Days after our search ensued, the Mexican consulate was the one to inform us of his whereabouts. My father had been detained in Texas on an ‘ICE hold’. I was so happy to hear that they found him alive that I honestly did not care about the circumstances at first, but that was short lived. Nearly 10 months later, my father still has not had his day in court.
I used to call daily for updates until an officer told me that the more I called the longer they would take to schedule his trial. I remember asking, “whatever happened to the right to a speedy trial?” He laughed, burped and said ‘Those rights apply to American citizens.” and hung up.

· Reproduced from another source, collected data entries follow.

lemma ext_rep_homog_join_vars:
  assumes "ext_rep d F G E m P"
  shows "homog_feasible G E m (join_vars d y z) l \<longleftrightarrow> homog_feasible G E m y l"
    and "homog (F k) (join_vars d y z) l = homog (F k) y l"
  using assms unfolding ext_rep_def homog_feasible_def by (simp_all add: homog_join_vars[of d])

lemma convex_hull_Un_homog:
  assumes rep1: "ext_rep d1 F1 G1 E1 m1 P1" "homog_bounded F1 G1 E1 m1" "P1 \<noteq> {}" "convex P1"
    and rep2: "ext_rep d2 F2 G2 E2 m2 P2" "homog_bounded F2 G2 E2 m2" "P2 \<noteq> {}" "convex P2"
  shows "convex hull (P1 \<union> P2) = {(\<chi> k. homog (F1 k) z1 l + homog (F2 k) z2 (1 - l)) | z1 z2 l.
    homog_feasible G1 E1 m1 z1 l \<and> homog_feasible G2 E2 m2 z2 (1 - l)}"
proof (intro equalityI subsetI)
  fix x assume "x \<in> convex hull (P1 \<union> P2)"
  then obtain u y1 y2 where u: "0 \<le> u" "0 \<le> 1 - u" and y1: "feasible G1 E1 m1 y1"
    and y2: "feasible G2 E2 m2 y2" and x: "x = u *\<^sub>R eval_map F1 y1 + (1 - u) *\<^sub>R eval_map F2 y2"
    using rep1(1) rep2(1) unfolding convex_hull_union_two[OF rep1(4,3) rep2(4,3)] ext_rep_def
    by (auto simp: eq_diff_eq')
  have "x = (\<chi> k. homog (F1 k) (\<lambda>j. u * y1 j) u + homog (F2 k) (\<lambda>j. (1 - u) * y2 j) (1 - u))"
    using rep1(1) rep2(1) unfolding x ext_rep_def
    by (simp add: vec_eq_iff homog_scale[of d1] homog_scale[of d2])
  then show "x \<in> {(\<chi> k. homog (F1 k) z1 l + homog (F2 k) z2 (1 - l)) | z1 z2 l.
      homog_feasible G1 E1 m1 z1 l \<and> homog_feasible G2 E2 m2 z2 (1 - l)}"
    using homog_feasible_scale[OF rep1(1) y1 u(1)] homog_feasible_scale[OF rep2(1) y2 u(2)] by blast
next
  fix x assume "x \<in> {(\<chi> k. homog (F1 k) z1 l + homog (F2 k) z2 (1 - l)) | z1 z2 l.
      homog_feasible G1 E1 m1 z1 l \<and> homog_feasible G2 E2 m2 z2 (1 - l)}"
  then obtain z1 z2 l where x: "x = (\<chi> k. homog (F1 k) z1 l + homog (F2 k) z2 (1 - l))"
    and "homog_feasible G1 E1 m1 z1 l" "homog_feasible G2 E2 m2 z2 (1 - l)" by blast
  then obtain p1 p2 where "0 \<le> l" "p1 \<in> P1" "\<forall>k. homog (F1 k) z1 l = l * p1 $ k"
    and "0 \<le> 1 - l" "p2 \<in> P2" "\<forall>k. homog (F2 k) z2 (1 - l) = (1 - l) * p2 $ k"
    using homog_feasible_point[OF rep1(1-3)] homog_feasible_point[OF rep2(1-3)] by meson
  then show "x \<in> convex hull (P1 \<union> P2)"
    unfolding convex_hull_union_two[OF rep1(4,3) rep2(4,3)] x
    by (intro CollectI exI[of _ l] exI[of _ "1 - l"] exI[of _ p1] exI[of _ p2]) (auto simp: vec_eq_iff)
qed

lemma ext_rep_convex_hull_Un:
  assumes rep1: "ext_rep d1 F1 G1 E1 m1 P1" "homog_bounded F1 G1 E1 m1" "P1 \<noteq> {}" "convex P1"
    and rep2: "ext_rep d2 F2 G2 E2 m2 P2" "homog_bounded F2 G2 E2 m2" "P2 \<noteq> {}" "convex P2"
  shows "has_ext_rep (convex hull (P1 \<union> P2)) (m1 + m2)"
proof -
  define N where "N = d1 + d2"
  define H1 where "H1 f y = homog f y (y N)" for f y
  define H2 where "H2 f y = homog f (shift_vars d1 y) (1 - y N)" for f y
  define F where "F k y = H1 (F1 k) y + H2 (F2 k) y" for k y
  define G where "G i = (if i < m1 then H1 (G1 i) else H2 (G2 (i - m1)))" for i
  define E where "E = H1 ` E1 \<union> H2 ` E2"
  have feasible_iff: "feasible G E (m1 + m2) y \<longleftrightarrow> homog_feasible G1 E1 m1 y (y N)
      \<and> homog_feasible G2 E2 m2 (shift_vars d1 y) (1 - y N)" for y
    using feasible_append[of m1 "\<lambda>i. H1 (G1 i)" "\<lambda>i. H2 (G2 i)"] unfolding G_def E_def
    by (simp add: feasible_def homog_feasible_def H1_def H2_def)
  have "convex hull (P1 \<union> P2) = eval_map F ` {y. feasible G E (m1 + m2) y}"
    unfolding convex_hull_Un_homog[OF rep1 rep2]
  proof (intro equalityI subsetI)
    fix x assume "x \<in> {(\<chi> k. homog (F1 k) z1 l + homog (F2 k) z2 (1 - l)) | z1 z2 l.
      homog_feasible G1 E1 m1 z1 l \<and> homog_feasible G2 E2 m2 z2 (1 - l)}"
    then obtain z1 z2 l where x: "x = (\<chi> k. homog (F1 k) z1 l + homog (F2 k) z2 (1 - l))"
      and z: "homog_feasible G1 E1 m1 z1 l" "homog_feasible G2 E2 m2 z2 (1 - l)" by blast
    define y where "y = join_vars d1 z1 (join_vars d2 z2 (\<lambda>j. l))"
    have "y N = l" unfolding y_def N_def join_vars_def by simp
    then have "feasible G E (m1 + m2) y" and "x = eval_map F y"
      using z ext_rep_homog_join_vars[OF rep1(1)] ext_rep_homog_join_vars[OF rep2(1)]
      unfolding feasible_iff x F_def H1_def H2_def y_def by (simp_all add: vec_eq_iff)
    then show "x \<in> eval_map F ` {y. feasible G E (m1 + m2) y}" by blast
  next
    fix x assume "x \<in> eval_map F ` {y. feasible G E (m1 + m2) y}"
    then show "x \<in> {(\<chi> k. homog (F1 k) z1 l + homog (F2 k) z2 (1 - l)) | z1 z2 l.
      homog_feasible G1 E1 m1 z1 l \<and> homog_feasible G2 E2 m2 z2 (1 - l)}"
      unfolding feasible_iff F_def H1_def H2_def eval_map_def by blast
  qed
  moreover have "affine_fun (N + 1) (\<lambda>y. y N)" by (rule affine_fun_coord) simp
  moreover have "affine_fun (N + 1) f" if "affine_fun d1 f" for f
    using affine_fun_mono[OF that] unfolding N_def by simp
  moreover have "affine_fun (N + 1) (\<lambda>y. f (shift_vars d1 y))" if "affine_fun d2 f" for f
    using affine_fun_mono[OF affine_fun_shift_vars[OF that]] unfolding N_def by simp
  ultimately have "ext_rep (N + 1) F G E (m1 + m2) (convex hull (P1 \<union> P2))"
    using rep1(1) rep2(1) unfolding ext_rep_def F_def G_def E_def H1_def H2_def
    by (auto intro!: affine_fun_add affine_fun_homog affine_fun_diff affine_fun_const)
  then show ?thesis unfolding has_ext_rep_def by blast
qed

lemma has_ext_rep_homog_bounded:
  assumes "has_ext_rep P m" "1 \<le> m" "polytope P" "P \<noteq> {}"
  obtains d F G E where "ext_rep d F G E m P" "homog_bounded F G E m"
proof (cases "\<exists>p. P = {p}")
  case True
  then show ?thesis using ext_rep_singleton[OF assms(2)] that by blast
next
  case False
  obtain d F G E where "ext_rep d F G E m P" using assms(1) unfolding has_ext_rep_def by blast
  then show ?thesis
    using ext_rep_homog_bounded polytope_imp_bounded[OF assms(3)] assms(4) False that by blast
qed

lemma has_ext_rep_convex_hull_Un:
  fixes P1 P2 :: "(real ^ 'n::finite) set"
  assumes rep1: "P1 \<noteq> {} \<Longrightarrow> has_ext_rep P1 m1" and rep2: "P2 \<noteq> {} \<Longrightarrow> has_ext_rep P2 m2"
    and "1 \<le> m1" "1 \<le> m2" "polytope P1" "polytope P2" "P1 \<union> P2 \<noteq> {}"
  shows "has_ext_rep (convex hull (P1 \<union> P2)) (m1 + m2)"
proof -
  have "convex P1" "convex P2" using assms(5,6) polytope_imp_convex by blast+
  consider "P1 = {}" | "P2 = {}" | "P1 \<noteq> {}" "P2 \<noteq> {}" by blast
  then show ?thesis
  proof cases
    case 1
    then have "convex hull (P1 \<union> P2) = P2" using \<open>convex P2\<close> by (simp add: convex_hull_eq)
    then show ?thesis using 1 rep2 assms(7) has_ext_rep_mono[OF _ le_add2] by simp
  next
    case 2
    then have "convex hull (P1 \<union> P2) = P1" using \<open>convex P1\<close> by (simp add: convex_hull_eq)
    then show ?thesis using 2 rep1 assms(7) has_ext_rep_mono[OF _ le_add1] by simp
  next
    case 3
    obtain d1 F1 G1 E1 where "ext_rep d1 F1 G1 E1 m1 P1" "homog_bounded F1 G1 E1 m1"
      using has_ext_rep_homog_bounded rep1 assms(3,5) 3(1) by blast
    moreover obtain d2 F2 G2 E2 where "ext_rep d2 F2 G2 E2 m2 P2" "homog_bounded F2 G2 E2 m2"
      using has_ext_rep_homog_bounded rep2 assms(4,6) 3(2) by blast
    ultimately show ?thesis using ext_rep_convex_hull_Un 3 \<open>convex P1\<close> \<open>convex P2\<close> by blast
  qed
qed

section \<open>Polytopes\<close>

lemma convex_hull_eq_simplex_image:
  fixes f :: "nat \<Rightarrow> 'a::real_vector"
  assumes f: "bij_betw f {..<k} V"
  shows "convex hull V = (\<lambda>y. \<Sum>j<k. y j *\<^sub>R f j) ` {y. (\<forall>j<k. 0 \<le> y j) \<and> (\<Sum>j<k. y j) = 1}"
    (is "_ = ?S")
proof -
  have hull: "convex hull V = {x. \<exists>u. (\<forall>v\<in>V. 0 \<le> u v) \<and> (\<Sum>j<k. u (f j)) = 1
      \<and> (\<Sum>j<k. u (f j) *\<^sub>R f j) = x}"
    using bij_betw_finite[of f "{..<k}" V] f
    by (simp only: convex_hull_finite sum.reindex_bij_betw[OF f, symmetric] finite_lessThan simp_thms)
  have "x \<in> convex hull V \<longleftrightarrow> x \<in> ?S" for x
  proof
    assume "x \<in> convex hull V"
    then obtain u where u: "\<forall>v\<in>V. 0 \<le> u v" "(\<Sum>j<k. u (f j)) = 1" "x = (\<Sum>j<k. u (f j) *\<^sub>R f j)"
      unfolding hull by blast
    moreover have "\<forall>j<k. 0 \<le> u (f j)" using u(1) bij_betwE[OF f] by blast
    ultimately show "x \<in> ?S" by (intro image_eqI[of _ _ "\<lambda>j. u (f j)"]) simp_all
  next
    assume "x \<in> ?S"
    then obtain y where y: "\<forall>j<k. 0 \<le> y j" "(\<Sum>j<k. y j) = 1" "x = (\<Sum>j<k. y j *\<^sub>R f j)" by blast
    define u where "u v = y (inv_into {..<k} f v)" for v
    have u_f: "u (f j) = y j" if "j < k" for j
      using bij_betw_inv_into_left[OF f] that by (simp add: u_def)
    have "(\<Sum>j<k. u (f j)) = (\<Sum>j<k. y j)" "(\<Sum>j<k. u (f j) *\<^sub>R f j) = (\<Sum>j<k. y j *\<^sub>R f j)"
      using u_f by (auto intro: sum.cong)
    moreover have "\<forall>v\<in>V. 0 \<le> u v"
      using y(1) inv_into_into[of _ f "{..<k}"] bij_betw_imp_surj_on[OF f] unfolding u_def by blast
    ultimately show "x \<in> convex hull V" using y unfolding hull by auto
  qed
  then show ?thesis by blast
qed

lemma polytope_has_ext_formulation:
  fixes Q :: "(real ^ 'n::finite) set"
  assumes "polytope Q" "Q \<noteq> {}"
  shows "\<exists>m. has_ext_formulation Q m"
proof -
  obtain V where V: "finite V" "Q = convex hull V" using assms(1) unfolding polytope_def by blast
  obtain f where f: "bij_betw f {..<card V} V"
    using ex_bij_betw_nat_finite[OF V(1)] by (auto simp: atLeast0LessThan)
  define k where "k = card V"
  define F where "F c y = (\<Sum>j<k. f j $ c * y j)" for c y
  define G where "G i = (if i < k then (\<lambda>y :: nat \<Rightarrow> real. y i) else (\<lambda>y. 1))" for i
  define E where "E = {\<lambda>y :: nat \<Rightarrow> real. (\<Sum>j<k. 1 * y j) - 1}"
  have "eval_map F y = (\<Sum>j<k. y j *\<^sub>R f j)" for y
    by (simp add: F_def vec_eq_iff sum_component mult.commute)
  moreover have "feasible G E k y \<longleftrightarrow> (\<forall>j<k. 0 \<le> y j) \<and> (\<Sum>j<k. y j) = 1" for y
    by (simp add: feasible_def G_def E_def)
  ultimately have "Q = eval_map F ` {y. feasible G E k y}"
    using convex_hull_eq_simplex_image[OF f] unfolding V(2) k_def by simp
  moreover have "affine_fun k (F c)" for c
    unfolding F_def affine_fun_def by (intro exI[of _ "\<lambda>j. f j $ c"] exI[of _ 0]) simp
  moreover have "affine_fun k (G i)" for i
    by (simp add: G_def affine_fun_coord affine_fun_const)
  moreover have "\<forall>e\<in>E. affine_fun k e"
    unfolding E_def affine_fun_def by (intro ballI exI[of _ "\<lambda>j. 1"] exI[of _ "-1"]) simp
  ultimately have "ext_rep k F G E k Q" unfolding ext_rep_def E_def by simp
  then show ?thesis
    using ext_rep_elim_eqs assms(2) has_ext_formulation_iff_ext_rep by metis
qed
(* The zero points of $\mathbf B$ on the unit sphere are exactly the two critical points of $U^\ast$ outside the equator circle $z=0$, namely the physical centers $\hat{\mathbf p}_0^\pm$ (the shapes of the regular, i.e. equilateral, triangle) on the hemispheres $z>0$ and $z<0$.
   Context: Masses $m_1,m_2,m_3>0$, $m_1+m_2+m_3=1$; $\hat m_1=m_2m_3$, $\hat m_2=m_3m_1$, $\hat m_3=m_1m_2$. The shape sphere (oriented m-triangles modulo rotation with $\sum m_i|\mathbf a_i|^2=1$, with kinematic metric, magnified by factor 2) is identified with the unit sphere $S^2\subset\mathbb R^3$, with the equator $z=0$ the collinear shapes, and $\hat{\mathbf b}_1,\hat{\mathbf b}_2,\hat{\mathbf b}_3$ the unit vectors on the equator representing the binary collision shapes $\mathbf a_2=\mathbf a_3$, $\mathbf a_3=\mathbf a_1$, $\mathbf a_1=\mathbf a_2$. In this picture the Newtonian potential $U=\sum_{i<j}m_im_j/|\mathbf a_i-\mathbf a_j|$ restricted to unit size is $U^\ast(\mathbf p)=\sum_{i=1}^3\frac{k_i}{|\mathbf p-\hat{\mathbf b}_i|}$ with $k_i=\frac{2\hat m_i^{3/2}}{\sqrt{1-m_i}}$, and $\mathbf B(\mathbf p)=\sum_{i=1}^3\frac{k_i\hat{\mathbf b}_i}{|\mathbf p-\hat{\mathbf b}_i|^3}\in\mathbb R^2\times\{0\}$ for $\mathbf p\in S^2$. *)

theory Defs
  imports "HOL-Analysis.Analysis"
begin

text \<open>Masses are m 1, m 2, m 3; a configuration is a :: nat \<Rightarrow> complex (a 1, a 2, a 3 in the plane).\<close>

definition normalized_config :: "(nat \<Rightarrow> real) \<Rightarrow> (nat \<Rightarrow> complex) \<Rightarrow> bool" where
  "normalized_config m a \<longleftrightarrow>
     (\<Sum>i\<in>{1,2,3::nat}. of_real (m i) * a i) = 0 \<and>
     (\<Sum>i\<in>{1,2,3::nat}. m i * (cmod (a i))\<^sup>2) = 1"

definition jacobi1 :: "(nat \<Rightarrow> real) \<Rightarrow> (nat \<Rightarrow> complex) \<Rightarrow> complex" where
  "jacobi1 m a = of_real (sqrt (m 1 * m 2 / (m 1 + m 2))) * (a 2 - a 1)"

definition jacobi2 :: "(nat \<Rightarrow> real) \<Rightarrow> (nat \<Rightarrow> complex) \<Rightarrow> complex" where
  "jacobi2 m a = of_real (sqrt (m 3 * (m 1 + m 2))) *
      (a 3 - (of_real (m 1) * a 1 + of_real (m 2) * a 2) / of_real (m 1 + m 2))"

text \<open>Shape map (Hopf map): normalized configurations onto the unit sphere, i.e. the
  shape sphere with kinematic metric magnified by 2; collinear shapes go to z = 0.\<close>
definition shape :: "(nat \<Rightarrow> real) \<Rightarrow> (nat \<Rightarrow> complex) \<Rightarrow> real^3" where
  "shape m a = (let x = jacobi1 m a; y = jacobi2 m a; w = x * cnj y in
     vector [(cmod x)\<^sup>2 - (cmod y)\<^sup>2, 2 * Re w, 2 * Im w])"

definition collision_config :: "(nat \<Rightarrow> real) \<Rightarrow> nat \<Rightarrow> (nat \<Rightarrow> complex)" where
  "collision_config m i = (let t = 1 / sqrt (m i * (1 - m i)) in
     (\<lambda>j. if j = i then of_real ((1 - m i) * t) else of_real (- m i * t)))"

definition bhat :: "(nat \<Rightarrow> real) \<Rightarrow> nat \<Rightarrow> real^3" where
  "bhat m i = shape m (collision_config m i)"

definition mhat :: "(nat \<Rightarrow> real) \<Rightarrow> nat \<Rightarrow> real" where
  "mhat m i = (\<Prod>j\<in>{1,2,3::nat} - {i}. m j)"

definition kcoef :: "(nat \<Rightarrow> real) \<Rightarrow> nat \<Rightarrow> real" where
  "kcoef m i = 2 * mhat m i powr (3/2) / sqrt (1 - m i)"

definition Ustar :: "(nat \<Rightarrow> real) \<Rightarrow> real^3 \<Rightarrow> real" where
  "Ustar m p = (\<Sum>i\<in>{1,2,3::nat}. kcoef m i / norm (p - bhat m i))"

definition Bfield :: "(nat \<Rightarrow> real) \<Rightarrow> real^3 \<Rightarrow> real^3" where
  "Bfield m p = (\<Sum>i\<in>{1,2,3::nat}. (kcoef m i / norm (p - bhat m i) ^ 3) *\<^sub>R bhat m i)"

definition sphere_critical :: "(real^3 \<Rightarrow> real) \<Rightarrow> real^3 \<Rightarrow> bool" where
  "sphere_critical f p \<longleftrightarrow>
     (\<exists>D. (f has_derivative D) (at p) \<and> (\<forall>v. v \<bullet> p = 0 \<longrightarrow> D v = 0))"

I could write an infinite amount of eloquently written letters to individuals in positions of power, but my hands are tied behind my back. They have the upper hand. One wrong move and my father’s life could be snatched away. My brown father CAN become the next hashtag.
In this country you are innocent until proven guilty… if you’re white. My father has been dealt unjust cards. I worry not about speaking of his innocence, but rather about keeping him alive. I pray that the guards that handle him day in and day out are not in a bad mood. I hope that he fights the urge to fight back in the phase of blatant disrespect and dehumanizing conditions. I wish he wasn’t sleeping with the enemy.
I want this rigged system to start looking at our black and brown bodies as human beings because it is evident that they still do not. More importantly, I want us to realize we are fighting different battles in the same war and become real allies once and for all. In the words of Bobby Seale, “We are not outnumbered, we are out-organized”. Together we are not ‘minorities’, together we become the majority that can and must demand real justice and equality once and for all.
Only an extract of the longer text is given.